#### Records for processing ####

(* Consider SEG: $X_{t+1/2}=X_t-\gamma F_t$, $X_{t+1}=X_t-\alpha\gamma F_{t+1/2}$, where $F_t=F(X_t)+U_t(X_t)$ and $F_{t+1/2}=F(X_{t+1/2})+U_{t+1/2}(X_{t+1/2})$. Let $F:\mathbb{R}^d\to\mathbb{R}^d$ be $L$-Lipschitz, let $x^*\in X^*=\{x:F(x)=0\}$ be such that $\langle F(x),x-x^*\rangle\ge\mu\|x-x^*\|^2-\lambda$ for all $x$ (with $\lambda\ge0,\mu>0$), and assume the stochastic oracle assumptions of the context. Let $Z_t=F_{t+1/2}$. If $0<\gamma\le\frac1{\sqrt3L}$, then $$\gamma^2\,\mathbb{E}[\|Z_t\|^2\mid\mathcal{F}_t]\le2\gamma\,\mathbb{E}[\langle Z_t,X_t-x^*\rangle\mid\mathcal{F}_t]+2(\lambda\gamma+3\sigma^2\gamma^2).$$
   Context: Stochastic oracle: noise fields are i.i.d. random fields; filtration $(\mathcal{F}_t)$ (history of the iterates) with $\mathcal{F}_{t+1/2}=\mathcal{F}_t$; $U_t(X_t)$ is $\mathcal{F}_{t+1}$- but not $\mathcal{F}_t$-measurable; $\mathbb{E}[U_t(x)\mid\mathcal{F}_t]=0$ and $\mathbb{E}[\|U_t(x)\|^2\mid\mathcal{F}_t]\le\sigma^2$ for all $x$ (and likewise for $U_{t+1/2}$). *)

theory Defs
  imports "HOL-Probability.Probability"
begin

text \<open>Stochastic oracle assumption for a random field U (a map from outcomes to
vector fields) relative to a sub-sigma-algebra Fs of M: for every Fs-measurable
(random) query point W, the noise U(W) is square integrable, has zero conditional
mean given Fs (expressed componentwise, since conditional expectation in the
library is real-valued), and conditional second moment at most sigma^2.\<close>

definition stoch_oracle ::
  "'w measure \<Rightarrow> 'w measure \<Rightarrow> ('w \<Rightarrow> 'a::euclidean_space \<Rightarrow> 'a) \<Rightarrow> real \<Rightarrow> bool" where
  "stoch_oracle M Fs U \<sigma> \<longleftrightarrow>
     (\<forall>W \<in> borel_measurable Fs.
        (\<lambda>\<omega>. U \<omega> (W \<omega>)) \<in> borel_measurable M \<and>
        integrable M (\<lambda>\<omega>. (norm (U \<omega> (W \<omega>)))\<^sup>2) \<and>
        (\<forall>b\<in>Basis. AE \<omega> in M. real_cond_exp M Fs (\<lambda>\<omega>. U \<omega> (W \<omega>) \<bullet> b) \<omega> = 0) \<and>
        (AE \<omega> in M. real_cond_exp M Fs (\<lambda>\<omega>. (norm (U \<omega> (W \<omega>)))\<^sup>2) \<omega> \<le> \<sigma>\<^sup>2))"

end

theory Submission
  imports Defs
begin

text \<open>With \<open>g = F x + u\<close> the extrapolation direction, \<open>x' = x - \<gamma> g\<close> and
\<open>z = F x' + v\<close>, polarisation gives
\<open>2 \<langle>z, x - x\<^sup>*\<rangle> = 2 \<langle>z, x' - x\<^sup>*\<rangle> + \<gamma> (\<parallel>z\<parallel>\<^sup>2 + \<parallel>g\<parallel>\<^sup>2 - \<parallel>z - g\<parallel>\<^sup>2)\<close>.
Quasi-strong monotonicity bounds \<open>\<langle>F x', x' - x\<^sup>*\<rangle>\<close> below by \<open>-\<lambda>\<close>, and since
\<open>z - g = (F x' - F x) + v - u\<close> with \<open>\<parallel>F x' - F x\<parallel> \<le> L \<gamma> \<parallel>g\<parallel>\<close>, the step size condition
\<open>3 L\<^sup>2 \<gamma>\<^sup>2 \<le> 1\<close> lets \<open>\<parallel>g\<parallel>\<^sup>2\<close> absorb the Lipschitz part of \<open>\<gamma>\<^sup>2 \<parallel>z - g\<parallel>\<^sup>2\<close>.
This leaves a pointwise bound whose only noise terms are \<open>\<langle>v, x' - x\<^sup>*\<rangle>\<close> and the squared
norms of \<open>u\<close> and \<open>v\<close>. Conditioning on \<open>\<F>\<^sub>t\<close> removes the former, because \<open>x'\<close> is
\<open>\<F>\<^sub>t\<^sub>+\<^sub>1\<^sub>/\<^sub>2\<close>-measurable and \<open>v\<close> is centred given \<open>\<F>\<^sub>t\<^sub>+\<^sub>1\<^sub>/\<^sub>2\<close>, and bounds the
latter by \<open>\<sigma>\<^sup>2\<close> each, by the tower property.\<close>

lemma power2_add3_le: "((a::real) + b + c)\<^sup>2 \<le> 3 * (a\<^sup>2 + b\<^sup>2 + c\<^sup>2)"
proof -
  have "0 \<le> (a - b)\<^sup>2 + (b - c)\<^sup>2 + (a - c)\<^sup>2" by simp
  then show ?thesis by (simp add: power2_eq_square algebra_simps)
qed

lemma norm_add3_power2_le:
  fixes p q r :: "'a::real_normed_vector"
  shows "(norm (p + q + r))\<^sup>2 \<le> 3 * ((norm p)\<^sup>2 + (norm q)\<^sup>2 + (norm r)\<^sup>2)"
proof -
  have "norm (p + q + r) \<le> norm p + norm q + norm r"
    by (metis add_right_mono norm_triangle_ineq order_trans)
  then have "(norm (p + q + r))\<^sup>2 \<le> (norm p + norm q + norm r)\<^sup>2"
    by (simp add: power_mono)
  also have "\<dots> \<le> 3 * ((norm p)\<^sup>2 + (norm q)\<^sup>2 + (norm r)\<^sup>2)"
    by (rule power2_add3_le)
  finally show ?thesis .
qed

lemma inverse_sqrt3_step_size_bound:
  fixes L \<gamma> :: real
  assumes "0 < \<gamma>" and "\<gamma> \<le> 1 / (sqrt 3 * L)"
  shows "3 * L\<^sup>2 * \<gamma>\<^sup>2 \<le> 1"
proof -
  have "0 < 1 / (sqrt 3 * L)"
    using assms by linarith
  then have "0 < L"
    by (simp add: zero_less_mult_iff)
  then have "\<gamma> * (sqrt 3 * L) \<le> 1"
    using assms by (simp add: field_simps)
  then have "(\<gamma> * (sqrt 3 * L))\<^sup>2 \<le> 1\<^sup>2"
    using assms \<open>0 < L\<close> by (intro power_mono) auto
  then show ?thesis by (simp add: algebra_simps)
qed

lemma extragradient_step_bound:
  fixes F :: "'a::real_inner \<Rightarrow> 'a" and x u v xs :: 'a and \<gamma> L lam :: real
  defines "xh \<equiv> x - \<gamma> *\<^sub>R (F x + u)"
  defines "z \<equiv> F xh + v"
  assumes lip: "L-lipschitz_on UNIV F" and step: "3 * L\<^sup>2 * \<gamma>\<^sup>2 \<le> 1" and "0 \<le> \<gamma>"
    and mon: "- lam \<le> F xh \<bullet> (xh - xs)"
  shows "\<gamma>\<^sup>2 * (norm z)\<^sup>2 \<le> 2 * \<gamma> * (z \<bullet> (x - xs)) + 2 * \<gamma> * lam
           - 2 * \<gamma> * (v \<bullet> (xh - xs)) + 3 * \<gamma>\<^sup>2 * (norm u)\<^sup>2 + 3 * \<gamma>\<^sup>2 * (norm v)\<^sup>2"
proof -
  define g where "g = F x + u"
  have polar: "2 * (z \<bullet> g) = (norm z)\<^sup>2 + (norm g)\<^sup>2 - (norm (z - g))\<^sup>2"
    by (simp add: power2_norm_eq_inner inner_diff_left inner_diff_right inner_commute)
  have shift: "z \<bullet> (x - xs) = z \<bullet> (xh - xs) + \<gamma> * (z \<bullet> g)"
    by (simp add: xh_def g_def inner_diff_right)
  have "norm (F xh - F x) \<le> L * norm (xh - x)"
    using lipschitz_onD[OF lip] by (simp add: dist_norm)
  also have "norm (xh - x) = \<gamma> * norm g"
    using \<open>0 \<le> \<gamma>\<close> by (simp add: xh_def g_def)
  finally have "(norm (F xh - F x))\<^sup>2 \<le> (L * (\<gamma> * norm g))\<^sup>2"
    by (simp add: power_mono)
  then have lip_sq: "(norm (F xh - F x))\<^sup>2 \<le> L\<^sup>2 * \<gamma>\<^sup>2 * (norm g)\<^sup>2"
    by (simp add: power_mult_distrib)
  have "z - g = (F xh - F x) + v + - u"
    by (simp add: z_def g_def algebra_simps)
  then have "(norm (z - g))\<^sup>2 \<le> 3 * ((norm (F xh - F x))\<^sup>2 + (norm v)\<^sup>2 + (norm u)\<^sup>2)"
    using norm_add3_power2_le[of "F xh - F x" v "- u"] by simp
  also have "\<dots> \<le> (norm g)\<^sup>2 + 3 * (norm u)\<^sup>2 + 3 * (norm v)\<^sup>2"
    using lip_sq mult_right_mono[OF step, of "(norm g)\<^sup>2"] by (simp add: algebra_simps)
  finally have "\<gamma>\<^sup>2 * (norm (z - g))\<^sup>2 \<le> \<gamma>\<^sup>2 * ((norm g)\<^sup>2 + 3 * (norm u)\<^sup>2 + 3 * (norm v)\<^sup>2)"
    by (simp add: mult_left_mono)
  moreover have "2 * \<gamma> * (- lam) \<le> 2 * \<gamma> * (F xh \<bullet> (xh - xs))"
    using mult_left_mono[OF mon, of "2 * \<gamma>"] \<open>0 \<le> \<gamma>\<close> by simp
  moreover have "2 * \<gamma> * (z \<bullet> (x - xs))
      = 2 * \<gamma> * (F xh \<bullet> (xh - xs) + v \<bullet> (xh - xs))
        + \<gamma>\<^sup>2 * ((norm z)\<^sup>2 + (norm g)\<^sup>2 - (norm (z - g))\<^sup>2)"
  proof -
    have "2 * \<gamma> * (z \<bullet> (x - xs)) = 2 * \<gamma> * (z \<bullet> (xh - xs)) + \<gamma>\<^sup>2 * (2 * (z \<bullet> g))"
      using shift by (simp add: power2_eq_square algebra_simps)
    moreover have "z \<bullet> (xh - xs) = F xh \<bullet> (xh - xs) + v \<bullet> (xh - xs)"
      by (simp add: z_def inner_add_left)
    ultimately show ?thesis
      by (simp only: polar)
  qed
  ultimately show ?thesis
    by (simp add: algebra_simps)
qed

definition square_integrable :: "'w measure \<Rightarrow> ('w \<Rightarrow> 'a::real_normed_vector) \<Rightarrow> bool" where
  "square_integrable M f \<longleftrightarrow> f \<in> borel_measurable M \<and> integrable M (\<lambda>\<omega>. (norm (f \<omega>))\<^sup>2)"

lemma square_integrable_measurable: "square_integrable M f \<Longrightarrow> f \<in> borel_measurable M"
  by (simp add: square_integrable_def)

lemma square_integrable_integrable_norm: "square_integrable M f \<Longrightarrow> integrable M (\<lambda>\<omega>. (norm (f \<omega>))\<^sup>2)"
  by (simp add: square_integrable_def)

lemma square_integrable_norm_le_add:
  fixes g :: "'w \<Rightarrow> 'a::real_normed_vector" and f :: "'w \<Rightarrow> 'b::real_normed_vector"
    and h :: "'w \<Rightarrow> 'c::real_normed_vector"
  assumes g[measurable]: "g \<in> borel_measurable M"
    and "square_integrable M f" "square_integrable M h"
    and le: "\<And>\<omega>. norm (g \<omega>) \<le> norm (f \<omega>) + norm (h \<omega>)"
  shows "square_integrable M g"
proof -
  have int: "integrable M (\<lambda>\<omega>. 2 * (norm (f \<omega>))\<^sup>2 + 2 * (norm (h \<omega>))\<^sup>2)"
    using assms(2,3) by (simp add: square_integrable_def)
  have bound: "norm ((norm (g \<omega>))\<^sup>2) \<le> norm (2 * (norm (f \<omega>))\<^sup>2 + 2 * (norm (h \<omega>))\<^sup>2)" for \<omega>
  proof -
    have "(norm (g \<omega>))\<^sup>2 \<le> (norm (f \<omega>) + norm (h \<omega>))\<^sup>2"
      using le by (simp add: power_mono)
    also have "\<dots> \<le> 2 * (norm (f \<omega>))\<^sup>2 + 2 * (norm (h \<omega>))\<^sup>2"
      using sum_squares_bound[of "norm (f \<omega>)" "norm (h \<omega>)"] by (simp add: power2_sum)
    finally show ?thesis by simp
  qed
  have "integrable M (\<lambda>\<omega>. (norm (g \<omega>))\<^sup>2)"
    by (rule Bochner_Integration.integrable_bound[OF int _ AE_I2[OF bound]]) measurable
  with g show ?thesis
    by (simp add: square_integrable_def)
qed

lemma square_integrable_add:
  fixes f g :: "'w \<Rightarrow> 'a::{second_countable_topology, real_normed_vector}"
  assumes "square_integrable M f" "square_integrable M g"
  shows "square_integrable M (\<lambda>\<omega>. f \<omega> + g \<omega>)"
proof (rule square_integrable_norm_le_add[OF _ assms])
  show "(\<lambda>\<omega>. f \<omega> + g \<omega>) \<in> borel_measurable M"
    using assms by (intro borel_measurable_add square_integrable_measurable)
  show "norm (f \<omega> + g \<omega>) \<le> norm (f \<omega>) + norm (g \<omega>)" for \<omega>
    by (rule norm_triangle_ineq)
qed

lemma square_integrable_diff:
  fixes f g :: "'w \<Rightarrow> 'a::{second_countable_topology, real_normed_vector}"
  assumes "square_integrable M f" "square_integrable M g"
  shows "square_integrable M (\<lambda>\<omega>. f \<omega> - g \<omega>)"
proof (rule square_integrable_norm_le_add[OF _ assms])
  show "(\<lambda>\<omega>. f \<omega> - g \<omega>) \<in> borel_measurable M"
    using assms by (intro borel_measurable_diff square_integrable_measurable)
  show "norm (f \<omega> - g \<omega>) \<le> norm (f \<omega>) + norm (g \<omega>)" for \<omega>
    by (rule norm_triangle_ineq4)
qed

lemma square_integrable_scaleR:
  assumes "square_integrable M f"
  shows "square_integrable M (\<lambda>\<omega>. c *\<^sub>R f \<omega>)"
proof -
  have [measurable]: "f \<in> borel_measurable M"
    using assms by (rule square_integrable_measurable)
  have "(\<lambda>\<omega>. c *\<^sub>R f \<omega>) \<in> borel_measurable M"
    by measurable
  with assms show ?thesis
    by (simp add: square_integrable_def power_mult_distrib)
qed

lemma (in finite_measure) square_integrable_const: "square_integrable M (\<lambda>_. c)"
  by (simp add: square_integrable_def)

####

Return all lines of the data in which the string "fields" appears.

   Context: Stochastic oracle: noise fields are i.i.d. random fields; filtration $(\mathcal{F}_t)$ (history of the iterates) with $\mathcal{F}_{t+1/2}=\mathcal{F}_t$; $U_t(X_t)$ is $\mathcal{F}_{t+1}$- but not $\mathcal{F}_t$-measurable; $\mathbb{E}[U_t(x)\mid\mathcal{F}_t]=0$ and $\mathbb{E}[\|U_t(x)\|^2\mid\mathcal{F}_t]\le\sigma^2$ for all $x$ (and likewise for $U_{t+1/2}$). *)
vector fields) relative to a sub-sigma-algebra Fs of M: for every Fs-measurable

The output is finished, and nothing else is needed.